● **Problem details**
Only lines holding the word "intro" should be copied from the material.

● **Dataset**
lemma block_interval_constraint_iff:
  assumes "0 \<le> c"
  shows "(\<forall>u\<in>block_interval c. \<forall>i<1. u i * x \<le> 1) \<longleftrightarrow> c * x \<le> 1"
proof
  assume "\<forall>u\<in>block_interval c. \<forall>i<1. u i * x \<le> 1"
  moreover have "(\<lambda>i. if i = 0 then c else 0) \<in> block_interval c"
    using assms by (simp add: block_interval_def blockvecs_def)
  ultimately show "c * x \<le> 1" by fastforce
next
  assume "c * x \<le> 1"
  have "u 0 * x \<le> 1" if "0 \<le> u 0" and "u 0 \<le> c" for u :: "nat \<Rightarrow> real"
    using that \<open>c * x \<le> 1\<close> mult_right_mono[OF \<open>u 0 \<le> c\<close>, of x]
    by (cases "0 \<le> x") (auto intro: order_trans[OF mult_nonneg_nonpos])
  then show "\<forall>u\<in>block_interval c. \<forall>i<1. u i * x \<le> 1"
    by (simp add: block_interval_def)
qed

lemma Sup_ereal_scaled_le_1:
  assumes "0 < c"
  shows "Sup {ereal x | x. c * x \<le> 1} = ereal (1 / c)"
  using assms by (intro antisym Sup_least Sup_upper) (auto simp: field_simps intro!: exI[of _ "1 / c"])

lemma z_st_block_interval:
  assumes "0 < c"
  shows "z_st 1 (\<lambda>i x (y::real) v. v * x) (\<lambda>_. 1) (\<lambda>x. x) (\<lambda>_. 0) (block_interval c) = ereal (1 / c)"
proof -
  have "{ereal (x + 0) | x (y::real). \<forall>u\<in>block_interval c. \<forall>i<1. u i * x \<le> 1}
      = {ereal x | x. c * x \<le> 1}"
    using block_interval_constraint_iff assms by auto
  with assms show ?thesis
    unfolding z_st_def by (simp add: Sup_ereal_scaled_le_1)
qed

lemma z_ad_block_interval:
  assumes "0 < c"
  shows "z_ad 1 (\<lambda>i x (y::real) v. v * x) (\<lambda>_. 1) (\<lambda>x. x) (\<lambda>_. 0) (block_interval c) = ereal (1 / c)"
proof -
  have "block_interval c \<noteq> {}"
    using assms by (auto simp: block_interval_def blockvecs_def intro!: exI[of _ "\<lambda>_. 0"])
  then have "{ereal x + (INF u\<in>block_interval c. ereal 0) | x (y :: (nat \<Rightarrow> real) \<Rightarrow> real).
      \<forall>u\<in>block_interval c. \<forall>i<1. u i * x \<le> 1} = {ereal x | x. c * x \<le> 1}"
    using block_interval_constraint_iff assms by auto
  with assms show ?thesis
    unfolding z_ad_def by (simp add: Sup_ereal_scaled_le_1)
qed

● **Result below**
    by (cases "0 \<le> x") (auto intro: order_trans[OF mult_nonneg_nonpos])
  using assms by (intro antisym Sup_least Sup_upper) (auto simp: field_simps intro!: exI[of _ "1 / c"])
    using assms by (auto simp: block_interval_def blockvecs_def intro!: exI[of _ "\<lambda>_. 0"])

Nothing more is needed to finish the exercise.